THE DIGITAL REPOSITORY FOR THE BLACK EXPERIENCE
"Et Cetera."
Curator Carolyn Armenta Davis is a native of Gary, Indiana and attended Froebel Public School from kindergarten until graduation from high school. Davis received her B.A. degree in mathematics from Indiana University in 1970.
After being a permanent high school substitute teacher from 1966 to 1970 in the Gary Community School District in Gary, Indiana, Davis moved to Chicago, Illinois, where she worked from 1970 to 1973 as executive staff of the American Medical Association’s Department of Community Health Care. For nine months in 1973, Davis was a television news writer for WMAQ-TV, the Chicago NBC affiliate. In 1974, Davis started her communications business in Chicago. She provided public relations, marketing communications, and media production services to national and international corporations, non-profits, and governments agencies, domestic and foreign.
Davis independently created, wrote and produced three landmark projects on accomplishments of men and women of the African Diaspora. Her debut project, The Black Classical Composers, was the first radio series on classical music written from 1771 to 1975 by Blacks and its 39, 1-hour programs aired from 1976 to 1977 on fine arts station WEFM-Chicago. In 1978, Davis did the Feminine Footprint radio series of mini-documentaries on 65 African American women trailblazers; it aired nationwide on 91 stations and earned the American Women in Radio and Television Award.
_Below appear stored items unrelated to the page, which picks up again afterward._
lemma nn_integral_u_time_weight_le:
  assumes t: "t \<in> tint T"
  shows "(\<integral>\<^sup>+p. ennreal (norm (u0 (fst p) (snd p)) powr 6 * fst p powr (3/4)) * indicator {0<..<t} (fst p)
      \<partial>(lborel \<Otimes>\<^sub>M (lborel :: (real^3) measure)))
    \<le> ennreal (4 * Z powr 6 * t powr (1/4))"
proof -
  have "0 < t"
    using t by (simp add: tint_def)
  have "(\<integral>\<^sup>+p. ennreal (norm (u0 (fst p) (snd p)) powr 6 * fst p powr (3/4)) * indicator {0<..<t} (fst p)
      \<partial>(lborel \<Otimes>\<^sub>M (lborel :: (real^3) measure)))
      = (\<integral>\<^sup>+s. ennreal (s powr (3/4)) * indicator {0<..<t} s
          * (\<integral>\<^sup>+y. ennreal (norm (u0 s y) powr 6) \<partial>lborel) \<partial>lborel)"
    by (subst lborel.nn_integral_fst[symmetric])
      (auto intro!: nn_integral_cong simp: nn_integral_cmult[symmetric] ennreal_mult' mult_ac)
  also have "\<dots> \<le> (\<integral>\<^sup>+s. ennreal (Z powr 6) * (ennreal (s powr (-3/4)) * indicator {0..t} s) \<partial>lborel)"
  proof (intro nn_integral_mono_AE)
    show "AE s in lborel. ennreal (s powr (3/4)) * indicator {0<..<t} s * (\<integral>\<^sup>+y. ennreal (norm (u0 s y) powr 6) \<partial>lborel)
        \<le> ennreal (Z powr 6) * (ennreal (s powr (-3/4)) * indicator {0..t} s)"
      using nn_integral_u_L6_le
    proof eventually_elim
      case (elim s)
      show ?case
      proof (cases "s \<in> {0<..<t}")
        case True
        then have "s \<in> tint T"
          using tint_if_less[OF t] by blast
        then have "ennreal (s powr (3/4)) * (\<integral>\<^sup>+y. ennreal (norm (u0 s y) powr 6) \<partial>lborel)
            \<le> ennreal (s powr (3/4)) * ennreal (Z powr 6 * s powr (-3/2))"
          using elim by (intro mult_left_mono) (simp_all add: u0_def)
        also have "\<dots> = ennreal (Z powr 6) * ennreal (s powr (-3/4))"
          using True by (simp add: ennreal_mult[symmetric] mult.left_commute[of _ "Z powr 6"] powr_add[symmetric])
        finally show ?thesis
          using True by simp
      qed simp
    qed
  qed
  also have "\<dots> = ennreal (Z powr 6) * ennreal (t powr (1/4) / (1/4))"
    using nn_integral_powr_from_0[of "-3/4" t] \<open>0 < t\<close> by (simp add: nn_integral_cmult)
  also have "\<dots> = ennreal (4 * Z powr 6 * t powr (1/4))"
    by (simp add: ennreal_mult[symmetric] mult_ac)
  finally show ?thesis .
qed


text \<open>Hoelder in \<open>(s, y)\<close> with exponents \<open>3/2, 6, 6\<close> after writing the integrand as
  \<open>(|\<nabla>G|\<^sup>4\<^sup>/\<^sup>5 |\<theta>|) (|\<nabla>G|\<^sup>1\<^sup>/\<^sup>5 s\<^sup>-\<^sup>1\<^sup>/\<^sup>8) (|u| s\<^sup>1\<^sup>/\<^sup>8)\<close>: the weight \<open>s\<^sup>1\<^sup>/\<^sup>8\<close> is what
  lets the \<open>Z\<^sub>6\<close> bound \<open>\<parallel>u(s)\<parallel>\<^sub>6 \<le> Z s\<^sup>-\<^sup>1\<^sup>/\<^sup>4\<close> make the last factor integrable.\<close>

lemma Cop_majorant_Hoelder:
  assumes t: "t \<in> tint T"
  shows "ennpow (Cop_majorant t x) (3/2) \<le> theta_kernel t x
    * ennreal ((grad_heat_const * powr_conv_const (-9/10) (-3/4) * 4) powr (1/4) * Z powr (3/2) * t powr (-1/10))"
proof -
  have "0 < t"
    using t by (simp add: tint_def)
  define K where "K = grad_heat_const * powr_conv_const (-9/10) (-3/4)"
  have "0 \<le> K"
    using grad_heat_const_nonneg powr_conv_const_nonneg[of "-9/10" "-3/4"] by (simp add: K_def)
  let ?P = "lborel \<Otimes>\<^sub>M (lborel :: (real^3) measure)"
  let ?k = "\<lambda>p. grad_heat_norm (t - fst p) (x - snd p)"
  define f1 where "f1 p = ennreal (?k p powr (4/5) * \<bar>\<theta>0 (fst p) (snd p)\<bar>) * indicator {0<..<t} (fst p)" for p
  define f2 where "f2 p = ennreal (?k p powr (1/5) * fst p powr (-1/8)) * indicator {0<..<t} (fst p)" for p
  define f3 where "f3 p = ennreal (norm (u0 (fst p) (snd p)) * fst p powr (1/8)) * indicator {0<..<t} (fst p)" for p
  have [measurable]: "f1 \<in> borel_measurable ?P" "f2 \<in> borel_measurable ?P" "f3 \<in> borel_measurable ?P"
    unfolding f1_def f2_def f3_def by measurable
  have split: "ennreal (?k p * \<bar>\<theta>0 (fst p) (snd p)\<bar> * norm (u0 (fst p) (snd p))) * indicator {0<..<t} (fst p)
      = f1 p * f2 p * f3 p" for p
  proof (cases "fst p \<in> {0<..<t}")
    case True
    then have "0 < fst p"
      by simp
    show ?thesis
      unfolding f1_def f2_def f3_def mult_powr_split_weights[OF grad_heat_norm_nonneg \<open>0 < fst p\<close>, symmetric]
      using True by (simp add: ennreal_mult mult_ac)
  qed (simp add: f1_def)
  have pow1: "(\<integral>\<^sup>+p. ennpow (f1 p) (3/2) \<partial>?P) = theta_kernel t x"
    by (simp add: f1_def theta_kernel_def ennpow_mult ennpow_indicator ennpow_ennreal powr_mult powr_powr
      lborel.nn_integral_fst[symmetric])
  have pow2: "(\<integral>\<^sup>+p. ennpow (f2 p) 6 \<partial>?P) \<le> ennreal (K * t powr (-13/20))"
    using nn_integral_grad_heat_time_weight_le[OF \<open>0 < t\<close>, of x]
    by (simp add: f2_def K_def ennpow_mult ennpow_indicator ennpow_ennreal powr_mult powr_powr)
  have pow3: "(\<integral>\<^sup>+p. ennpow (f3 p) 6 \<partial>?P) \<le> ennreal (4 * Z powr 6 * t powr (1/4))"
    using nn_integral_u_time_weight_le[OF t]
    by (simp add: f3_def ennpow_mult ennpow_indicator ennpow_ennreal powr_mult powr_powr)
  have "ennpow (Cop_majorant t x) (3/2) = ennpow (\<integral>\<^sup>+p. f1 p * f2 p * f3 p \<partial>?P) (3/2)"
    unfolding Cop_majorant_def split[symmetric] by (subst lborel.nn_integral_fst[symmetric]) simp_all
  also have "\<dots> \<le> theta_kernel t x * ennpow ((\<integral>\<^sup>+p. ennpow (f2 p) 6 \<partial>?P) * (\<integral>\<^sup>+p. ennpow (f3 p) 6 \<partial>?P)) (1/4)"
    using ennpow_nn_integral_Hoelder3_three_halves[of f1 ?P f2 f3] unfolding pow1 by simp
  also have "\<dots> \<le> theta_kernel t x * ennpow (ennreal (K * t powr (-13/20) * (4 * Z powr 6 * t powr (1/4)))) (1/4)"
    using \<open>0 \<le> K\<close> Z_nonneg pow2 pow3 by (intro mult_left_mono ennpow_mono) (simp_all add: ennreal_mult mult_mono)
  also have "K * t powr (-13/20) * (4 * Z powr 6 * t powr (1/4)) = (K * 4) * Z powr 6 * t powr (-2/5)"
    by (simp add: mult_ac powr_add[symmetric])
  also have "ennpow (ennreal ((K * 4) * Z powr 6 * t powr (-2/5))) (1/4)
      = ennreal ((K * 4) powr (1/4) * Z powr (3/2) * t powr (-1/10))"
    using \<open>0 \<le> K\<close> Z_nonneg by (simp add: ennpow_ennreal powr_mult powr_powr del: powr_numeral)
  finally show ?thesis
    by (simp add: K_def)
qed


definition theta_mass :: "real \<Rightarrow> ennreal" where
  "theta_mass s = (\<integral>\<^sup>+y. ennreal (\<bar>\<theta>0 s y\<bar> powr (3/2)) \<partial>lborel)"

lemma measurable_theta_mass [measurable]: "f \<in> borel_measurable M \<Longrightarrow> (\<lambda>x. theta_mass (f x)) \<in> borel_measurable M"
  using measurable_compose[of f M borel theta_mass] by (simp add: theta_mass_def)

lemma ennpow_theta_mass: "ennpow (theta_mass s) (4/3) = (Lp_norm (3/2) (\<theta> s))\<^sup>2 * indicator (tint T) s"
  by (cases "s \<in> tint T") (simp_all add: theta_mass_def \<theta>0_def Lp_norm_def ennpow_2[symmetric] ennpow_ennpow)

lemma nn_integral_theta_kernel:
  assumes "0 < t"
  shows "(\<integral>\<^sup>+x. theta_kernel t x \<partial>lborel)
    = ennreal grad_heat_const * (\<integral>\<^sup>+s. ennreal ((t - s) powr (-9/10)) * theta_mass s * indicator {0<..<t} s \<partial>lborel)"
proof -
  let ?f = "\<lambda>s x y. ennreal (grad_heat_norm (t - s) (x - y) powr (6/5) * \<bar>\<theta>0 s y\<bar> powr (3/2)) * indicator {0<..<t} s"
  have "(\<integral>\<^sup>+x. theta_kernel t x \<partial>lborel) = (\<integral>\<^sup>+s. \<integral>\<^sup>+x. \<integral>\<^sup>+y. ?f s x y \<partial>lborel \<partial>lborel \<partial>lborel)"
    unfolding theta_kernel_def
    by (rule lborel_pair.Fubini[where f="\<lambda>(x, s). \<integral>\<^sup>+y. ?f s x y \<partial>lborel", simplified, symmetric]) measurable
  also have "\<dots> = (\<integral>\<^sup>+s. \<integral>\<^sup>+y. \<integral>\<^sup>+x. ?f s x y \<partial>lborel \<partial>lborel \<partial>lborel)"
    by (intro nn_integral_cong lborel_pair.Fubini[where f="\<lambda>(x, y). ?f s x y" for s, simplified, symmetric])
      measurable
  also have "\<dots> = (\<integral>\<^sup>+s. ennreal grad_heat_const * (ennreal ((t - s) powr (-9/10)) * theta_mass s * indicator {0<..<t} s) \<partial>lborel)"
  proof (intro nn_integral_cong)
    fix s :: real
    show "(\<integral>\<^sup>+y. \<integral>\<^sup>+x. ?f s x y \<partial>lborel \<partial>lborel)
        = ennreal grad_heat_const * (ennreal ((t - s) powr (-9/10)) * theta_mass s * indicator {0<..<t} s)"
    proof (cases "s \<in> {0<..<t}")
      case True
      have "(\<integral>\<^sup>+x. ennreal (grad_heat_norm (t - s) (x - y) powr (6/5)) \<partial>lborel)
          = ennreal (grad_heat_const * (t - s) powr (-9/10))" for y
      proof -
        have "(\<integral>\<^sup>+x. ennreal (grad_heat_norm (t - s) (x - y) powr (6/5)) \<partial>lborel)
            = (\<integral>\<^sup>+z. ennreal (grad_heat_norm (t - s) z powr (6/5)) \<partial>lborel)"
          by (rule nn_integral_lborel_diff_right) measurable
        then show ?thesis
          using True by (simp add: nn_integral_grad_heat_norm_powr_6_5)
      qed
      then have "(\<integral>\<^sup>+x. ?f s x y \<partial>lborel)
          = ennreal (\<bar>\<theta>0 s y\<bar> powr (3/2)) * ennreal (grad_heat_const * (t - s) powr (-9/10))" for y
        using True by (simp add: ennreal_mult' nn_integral_cmult mult.commute)
      then have "(\<integral>\<^sup>+y. \<integral>\<^sup>+x. ?f s x y \<partial>lborel \<partial>lborel)
          = theta_mass s * ennreal (grad_heat_const * (t - s) powr (-9/10))"
        unfolding theta_mass_def by (simp add: nn_integral_multc)
      then show ?thesis
        using True grad_heat_const_nonneg by (simp add: ennreal_mult mult_ac)
    qed simp
  qed
  also have "\<dots> = ennreal grad_heat_const
      * (\<integral>\<^sup>+s. ennreal ((t - s) powr (-9/10)) * theta_mass s * indicator {0<..<t} s \<partial>lborel)"
    by (rule nn_integral_cmult) measurable
  finally show ?thesis .
qed

definition theta_time_weight :: "real \<Rightarrow> ennreal" where
  "theta_time_weight t = (\<integral>\<^sup>+s. ennreal ((t - s) powr (-19/20) * s powr (1/6)) * ennpow (theta_mass s) (4/3)
    * indicator {0<..<t} s \<partial>lborel)"

text \<open>Hoelder in \<open>s\<close> with exponents \<open>4/3, 4\<close>, after splitting \<open>(t - s)\<^sup>-\<^sup>9\<^sup>/\<^sup>1\<^sup>0\<close> as
  \<open>((t - s)\<^sup>-\<^sup>5\<^sup>7\<^sup>/\<^sup>8\<^sup>0 s\<^sup>1\<^sup>/\<^sup>8) ((t - s)\<^sup>-\<^sup>3\<^sup>/\<^sup>1\<^sup>6 s\<^sup>-\<^sup>1\<^sup>/\<^sup>8)\<close>.\<close>

lemma time_convolution_Hoelder:
  assumes "0 < t"
  shows "ennpow (\<integral>\<^sup>+s. ennreal ((t - s) powr (-9/10)) * theta_mass s * indicator {0<..<t} s \<partial>lborel) (4/3)
    \<le> theta_time_weight t * ennreal ((powr_conv_const (-3/4) (-1/2) * t powr (-1/4)) powr (1/3))"
proof -
  define g where "g s = ennreal ((t - s) powr (-57/80) * s powr (1/8)) * theta_mass s * indicator {0<..<t} s" for s
  define h where "h s = ennreal ((t - s) powr (-3/16) * s powr (-1/8)) * indicator {0<..<t} s" for s
  have [measurable]: "g \<in> borel_measurable lborel" "h \<in> borel_measurable lborel"
    unfolding g_def h_def by measurable
  have split: "ennreal ((t - s) powr (-9/10)) * theta_mass s * indicator {0<..<t} s = g s * h s" for s
  proof (cases "s \<in> {0<..<t}")
    case True
    have "(t - s) powr (-57/80) * s powr (1/8) * ((t - s) powr (-3/16) * s powr (-1/8))
        = ((t - s) powr (-57/80) * (t - s) powr (-3/16)) * (s powr (1/8) * s powr (-1/8))"
      by (simp only: mult_ac)
    also have "\<dots> = (t - s) powr (-9/10)"
      using True by (simp add: powr_add[symmetric])
    finally have "ennreal ((t - s) powr (-57/80) * s powr (1/8)) * ennreal ((t - s) powr (-3/16) * s powr (-1/8))
        = ennreal ((t - s) powr (-9/10))"
      by (simp add: ennreal_mult[symmetric])
    then show ?thesis
      using True by (simp add: g_def h_def mult_ac)
  qed (simp add: g_def)
  have pow_g: "ennpow (g s) (4/3)
      = ennreal ((t - s) powr (-19/20) * s powr (1/6)) * ennpow (theta_mass s) (4/3) * indicator {0<..<t} s" for s
    by (simp add: g_def ennpow_mult ennpow_indicator ennpow_ennreal powr_mult powr_powr)
  have pow_h: "ennpow (h s) 4 = ennreal ((t - s) powr (-3/4) * s powr (-1/2)) * indicator {0<..<t} s" for s
    by (simp add: h_def ennpow_mult ennpow_indicator ennpow_ennreal powr_mult powr_powr)
  have "(\<integral>\<^sup>+s. ennreal ((t - s) powr (-9/10)) * theta_mass s * indicator {0<..<t} s \<partial>lborel)
      = (\<integral>\<^sup>+s. g s * h s \<partial>lborel)"
    unfolding split ..
  also have "\<dots> \<le> ennpow (\<integral>\<^sup>+s. ennpow (g s) (4/3) \<partial>lborel) (3/4) * ennpow (\<integral>\<^sup>+s. ennpow (h s) 4 \<partial>lborel) (1/4)"
    using nn_integral_Hoelder[where p="4/3" and q=4 and f=g and g=h] by simp
  also have "\<dots> \<le> ennpow (theta_time_weight t) (3/4) * ennpow (ennreal (powr_conv_const (-3/4) (-1/2) * t powr (-1/4))) (1/4)"
    unfolding pow_g pow_h theta_time_weight_def
    using nn_integral_powr_convolution_le[of "-3/4" "-1/2" t] assms
    by (intro mult_left_mono ennpow_mono) simp_all
  finally have "ennpow (\<integral>\<^sup>+s. ennreal ((t - s) powr (-9/10)) * theta_mass s * indicator {0<..<t} s \<partial>lborel) (4/3)
      \<le> ennpow (ennpow (theta_time_weight t) (3/4)
        * ennpow (ennreal (powr_conv_const (-3/4) (-1/2) * t powr (-1/4))) (1/4)) (4/3)"
    by (rule ennpow_mono) simp
  also have "\<dots> = theta_time_weight t * ennreal ((powr_conv_const (-3/4) (-1/2) * t powr (-1/4)) powr (1/3))"
    using powr_conv_const_nonneg[of "-3/4" "-1/2"] by (simp add: ennpow_mult ennpow_ennpow ennpow_ennreal powr_powr)
  finally show ?thesis .
qed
In 1990, Davis launched her Design Diaspora: Black Architects and International Architecture 1970-1990 ™ exhibition-lecture project on fifty contemporary African American, Black-European and African architects from eleven countries. From 1993 to 2000, Davis toured the Black Architects project to twenty venues in the Americas, Europe and Africa.
Davis continues to write and lecture on Black Diaspora architects. Lectures have included African Union of Architects Congress and Assembly, Nairobi, Kenya; International Biennial of Architecture, Buenos Aires, Argentina; Amerika Haus, Munich, Germany; University of Cape Town, South Africa; The Queen’s University of Belfast, Northern Ireland; Society of Black Architects, London, England; Illinois-National Organization of Minority Architects, Chicago, IL; Chicago Cultural Center; Chicago, IL. In 2008, she lectured at the National Building Museum, Washington, D.C.; Boston Society of Architects AIA, Boston, MA; and Chicago Architecture Foundation.
Architecture writings by Davis include reviews of 1992’s African American Architects in Current Practice by Jack Travis and in 1994 of Architect to the Hollywood Stars, Paul R. Williams by Karen E. Hudson plus articles on Pritzker Architecture Prize Laureates Christian de Portzamparc, Tadao Ando, and Sverre Fehn.
In 1997, Davis served on the design jury for the Organization for African Unity (OAU) and the United Nations Educational, Scientific and Cultural Organization (UNESCO), Union of International Architects (UIA), and Republic of Senegal International Competition for the Design of the Gorée Memorial Complex for Dakar, Senegal.
In 2002, the documentation of contemporary Black Diaspora women architects compiled by Davis was added to the archives of the Winifred Foundation in the Arthur and Elizabeth Schlesinger Library on the History of Women in America, Radcliffe College, Harvard University, Cambridge, Massachusetts.
Davis has served on several non-profit organizations’ boards. She is a member of numerous organizations including the Chicago Architecture Foundation, the Landmarks Preservation Council of Illinois, the Society of Architectural Historians, International Women Associations, Chicago; Old Town Triangle Association, Chicago; the Lincoln Park Renewal Corporation; and the NAACP.
In 2004, Davis qualified for a Series 3 License, National Commodity Futures registration.
Davis is writing a book on 21st century Black Diaspora architecture.
Davis was interviewed by The HistoryMakers on November 21, 2008.